Evidence from cave wall drawings suggests that wild mammals were kept in the company of humans as early as the Stone Age. In fact, this was probably the beginning of animal domestication. By 2500 B.C. Egyptian kings were keeping antelopes for amusement and to impress foreign visitors. Only ruling classes could afford to keep and care for exotic mammals. Queen Hatshepsut of Egypt could be credited with organizing the first mixed collection of exotic mammals. In approximately 1500 B.C., she sent collectors to Somaliland. They imported greyhounds, monkeys, leopards, cattle, and the first giraffe into captivity. In 1000 B.C., Emperor Wu Wang of China assembled the first zoological park. This was a sophisticated 15,000 acre (6,070 ha) Ling-Yu or "Garden of Intelligence." It included tigers, rhinos, and rare giant pandas. Between 1000 and 400 B.C., many small zoos were created in north Africa, India, and China and domestication of mammals had become an art. These collections were mostly symbols of power and wealth, definitely not for public enjoyment. By 400 B.C. the ancient Greeks established a zoological garden in most if not all Greek cities. They used their collections for serious scientific study. Only students and scholars were allowed to visit these collections. It was at this time that Aristotle wrote The History of Animals. In this encyclopedia, he described hundreds of species of exotic vertebrates from these collections.

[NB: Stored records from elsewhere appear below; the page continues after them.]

(* Let $a,b,c\in\mathbb{R}$, $1\le p<\infty$, $0<q,r<\infty$. (i) If $\frac{a+N}{q}\ne\frac{b-p+N}{p}$ and $W^{1,(q,p)}_{\{a,b\}}(\mathbb{R}^N_* )$ is continuously embedded into $L^r(\mathbb{R}^N;|x|^cdx)$, then $\theta_c\in[0,1]$ and $\theta_c\left(\frac1p-\frac1N-\frac1q\right)\le\frac1r-\frac1q$. In particular $r\le\max\{p^*,q\}$. (ii) If $\frac{a+N}{q}=\frac{b-p+N}{p}$, $c=c^0$, and $W^{1,(q,p)}_{\{a,b\}}(\mathbb{R}^N_* )$ is continuously embedded into $L^r(\mathbb{R}^N;|x|^cdx)$, then $r\le\max\{p^*,q\}$.
   Context: $N\ge1$, $\mathbb{R}^N_*:=\mathbb{R}^N\setminus\{0\}$. For $d\in\mathbb{R}$, $0<s<\infty$, $\|u\|_{d,s}:=(\int_{\mathbb{R}^N}|x|^d|u|^s dx)^{1/s}$ ($\{0\}$ of measure $0$; Euclidean norm for vector-valued $u$), $L^s(\mathbb{R}^N;|x|^ddx)$ the measurable $u$ with $\|u\|_{d,s}<\infty$. $W^{1,(q,p)}_{\{a,b\}}(\mathbb{R}^N_* )$: $u\in L^1_{loc}(\mathbb{R}^N_* )$ with $\|u\|_{a,q},\|\nabla u\|_{b,p}<\infty$ (distributional gradient on $\mathbb{R}^N_*$), (quasi-)norm $\|u\|_{a,q}+\|\nabla u\|_{b,p}$. $p^*:=\infty$ if $p\ge N$, $p^*:=Np/(N-p)$ if $p<N$. $c^0:=\frac{r(a+N)}{q}-N$, $c^1:=\frac{r(b-p+N)}{p}-N$, $\theta_c:=\frac{c-c^0}{c^1-c^0}$ when $c^0\neq c^1$. *)

theory Defs
  imports "HOL-Analysis.Analysis"
begin

definition pd :: "'a::euclidean_space \<Rightarrow> ('a \<Rightarrow> real) \<Rightarrow> 'a \<Rightarrow> real" where
  "pd i f x = frechet_derivative f (at x) i"

fun iter_pd :: "'a::euclidean_space list \<Rightarrow> ('a \<Rightarrow> real) \<Rightarrow> 'a \<Rightarrow> real" where
  "iter_pd [] f = f"
| "iter_pd (i # is) f = pd i (iter_pd is f)"

definition smooth_fun :: "('a::euclidean_space \<Rightarrow> real) \<Rightarrow> bool" where
  "smooth_fun f \<longleftrightarrow> (\<forall>is. set is \<subseteq> Basis \<longrightarrow> (\<forall>x. iter_pd is f differentiable (at x)))"

definition test_fun_punct :: "('a::euclidean_space \<Rightarrow> real) \<Rightarrow> bool" where
  "test_fun_punct \<phi> \<longleftrightarrow> smooth_fun \<phi> \<and> compact (closure {x. \<phi> x \<noteq> 0})
      \<and> 0 \<notin> closure {x. \<phi> x \<noteq> 0}"

definition loc_int_punct :: "('a::euclidean_space \<Rightarrow> 'b::{banach,second_countable_topology}) \<Rightarrow> bool" where
  "loc_int_punct u \<longleftrightarrow> (\<forall>K. compact K \<and> 0 \<notin> K \<longrightarrow> set_integrable lebesgue K u)"

definition weak_grad_punct :: "('a::euclidean_space \<Rightarrow> real) \<Rightarrow> ('a \<Rightarrow> 'a) \<Rightarrow> bool" where
  "weak_grad_punct u g \<longleftrightarrow> loc_int_punct u \<and> loc_int_punct g \<and>
     (\<forall>\<phi>. test_fun_punct \<phi> \<longrightarrow> (\<forall>i\<in>Basis.
        (\<integral>x. u x * pd i \<phi> x \<partial>lebesgue) = - (\<integral>x. (g x \<bullet> i) * \<phi> x \<partial>lebesgue)))"

definition wint :: "real \<Rightarrow> real \<Rightarrow> ('a::euclidean_space \<Rightarrow> 'b::real_normed_vector) \<Rightarrow> ennreal" where
  "wint d s u = (\<integral>\<^sup>+x. ennreal (norm x powr d * norm (u x) powr s) \<partial>lebesgue)"

definition in_wL :: "real \<Rightarrow> real \<Rightarrow> ('a::euclidean_space \<Rightarrow> 'b::{real_normed_vector,second_countable_topology}) \<Rightarrow> bool" where
  "in_wL d s u \<longleftrightarrow> u \<in> borel_measurable lebesgue \<and> wint d s u < \<infinity>"

definition wnorm :: "real \<Rightarrow> real \<Rightarrow> ('a::euclidean_space \<Rightarrow> 'b::real_normed_vector) \<Rightarrow> real" where
  "wnorm d s u = enn2real (wint d s u) powr (1 / s)"

text \<open>Continuous embedding of W^{1,(q,p)}_{a,b}(R^N_*) into L^r(R^N;|x|^c dx).\<close>
definition W_embeds :: "'a::euclidean_space itself \<Rightarrow> real \<Rightarrow> real \<Rightarrow> real \<Rightarrow> real \<Rightarrow> real \<Rightarrow> real \<Rightarrow> bool" where
  "W_embeds _ a b q p c r \<longleftrightarrow> (\<exists>C. \<forall>(u::'a \<Rightarrow> real) g. weak_grad_punct u g \<and> in_wL a q u \<and> in_wL b p g
      \<longrightarrow> in_wL c r u \<and> wnorm c r u \<le> C * (wnorm a q u + wnorm b p g))"

definition sob_exp :: "real \<Rightarrow> nat \<Rightarrow> ereal" where
  "sob_exp p N = (if p \<ge> real N then \<infinity> else ereal (real N * p / (real N - p)))"

definition c0 :: "nat \<Rightarrow> real \<Rightarrow> real \<Rightarrow> real \<Rightarrow> real" where
  "c0 N a q r = r * (a + real N) / q - real N"

definition c1 :: "nat \<Rightarrow> real \<Rightarrow> real \<Rightarrow> real \<Rightarrow> real" where
  "c1 N b p r = r * (b - p + real N) / p - real N"

definition theta :: "nat \<Rightarrow> real \<Rightarrow> real \<Rightarrow> real \<Rightarrow> real \<Rightarrow> real \<Rightarrow> real \<Rightarrow> real" where
  "theta N a b q p r c = (c - c0 N a q r) / (c1 N b p r - c0 N a q r)"

end

theory Submission
  imports Defs
begin
lemma two_level_vec_in_closure_toric_chamber_lift:
  fixes E :: "('n::finite \<times> 'n) set"
  assumes "sym E" "admissible_height E g" "upward_closed (height_orientation E g) I"
    and "height_orientation E g \<in> toric_class \<omega>" "0 < b" "b < a" "a < 1"
  shows "a *\<^sub>R char_vec I + b *\<^sub>R char_vec (- I) \<in> closure (toric_chamber_lift E \<omega>)"
proof -
  define G :: "real ^ 'n" where "G = (\<chi> k. g k)"
  define m where "m = min b (min (a - b) (1 - a)) / 2"
  have "\<bar>t * g k\<bar> < m" if "0 < t" "t < m / (norm G + 1)" for t k
  proof -
    have "\<bar>t * g k\<bar> \<le> t * (norm G + 1)"
      using component_le_norm_cart[of G k] \<open>0 < t\<close> by (simp add: G_def abs_mult)
    also have "\<dots> < m"
      using that norm_ge_zero[of G] by (simp add: pos_less_divide_eq)
    finally show ?thesis .
  qed
  then have "a *\<^sub>R char_vec I + b *\<^sub>R char_vec (- I) + t *\<^sub>R G \<in> toric_chamber_lift E \<omega>"
    if "0 < t" "t < m / (norm G + 1)" for t
    using two_level_vec_perturbation_in_toric_chamber_lift[OF assms(1-4)] that
    unfolding G_def m_def by blast
  moreover have "0 < m / (norm G + 1)"
    using assms(5-7) norm_ge_zero[of G] by (intro divide_pos_pos) (simp_all add: m_def add_nonneg_pos)
  ultimately show ?thesis
    by (intro closure_if_ray_inside[of "m / (norm G + 1)"]) auto
qed
lemma A_type_nbr: "A_type x a \<Longrightarrow> E x (cy b) \<longleftrightarrow> cy b = cy (a - 1) \<or> cy b = cy (a + 1)"
  and B_type_nbr: "B_type x a \<Longrightarrow> E x (cy b) \<longleftrightarrow> cy b = cy a"
  unfolding A_type_def B_type_def by blast+

lemma nbhd_inter_C_eq_iff:
  assumes "T \<subseteq> C"
  shows "nbhd V E x \<inter> C = T \<longleftrightarrow> (\<forall>b. E x (cy b) \<longleftrightarrow> cy b \<in> T)"
proof
  assume "nbhd V E x \<inter> C = T"
  then show "\<forall>b. E x (cy b) \<longleftrightarrow> cy b \<in> T"
    unfolding nbhd_def using cy_in_C cy_in_V by blast
next
  assume T: "\<forall>b. E x (cy b) \<longleftrightarrow> cy b \<in> T"
  show "nbhd V E x \<inter> C = T"
  proof (intro equalityI subsetI)
    fix y assume "y \<in> nbhd V E x \<inter> C"
    then show "y \<in> T"
      unfolding nbhd_def C_eq_range_cy using T by auto
  next
    fix y assume "y \<in> T"
    then obtain b where "y = cy b"
      using assms unfolding C_eq_range_cy by auto
    then show "y \<in> nbhd V E x \<inter> C"
      unfolding nbhd_def using T \<open>y \<in> T\<close> cy_in_C cy_in_V by auto
  qed
qed

lemma A_set_iff: "x \<in> A_set V E m c a \<longleftrightarrow> x \<in> V \<and> A_type x a"
  unfolding A_set_def A_type_def by (simp add: nbhd_inter_C_eq_iff cy_in_C)

lemma B_set_iff: "x \<in> B_set V E m c a \<longleftrightarrow> x \<in> V \<and> B_type x a"
  unfolding B_set_def B_type_def by (simp add: nbhd_inter_C_eq_iff cy_in_C)

lemma A_type_cy: "A_type (cy a) a"
  unfolding A_type_def cy_adj_iff by (auto simp: cy_eq_iff algebra_simps)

The Romans were perhaps the first to open exotic mammal collections to the public at large. From about 100 B.C. to A.D. 600 the Romans used these collections for scholarly study but they also used many of these animals for entertainment. Much of the entertainment consisted of cruel and bloody spectacles in public arenas, with large carnivores attacking or being attacked by men as well as other mammals. Often these were slow, agonizing and gruesome battles to the death. With the fall of the Roman Empire zoos went into a decline. Most exotic mammal collections consisted of small private menageries and traveling exhibitions.

By A.D. 1400 global exploration sparked public interest in zoos once again, with strange creatures from the New World. During this time, Hernando Cortes visited the zoo of Mon-tezuma, chief of the Aztecs. It was a huge collection and employed over 300 zookeepers. Over the next few hundred years many European zoos opened and the collections grew larger. Most of these collections consisted of individual specimens of as many species of mammals as possible. The animals were from many different countries and represented many continents. They were often called postage stamp collections. They were open to the public and attracted many visitors. Although they have been renovated and have updated their policies, some of these zoos are still open today. The oldest is the Schonbrunn Zoo in Vienna, Austria. It was built in 1752 by Emperor Franz Josef for his wife. It opened to the public in 1765. Others that still exist are the Madrid Zoo in Spain, which opened in 1775 and the Jardin des Plantes collection in Paris which opened in 1793. For comparison, the oldest zoos in the United States are the Philadelphia Zoo, which opened in 1874; the Central Park Zoo in New York, which opened in 1862; the Lincoln Park Zoo in Chicago, which opened in 1868; and the Cincinnati Zoo, which opened in 1875.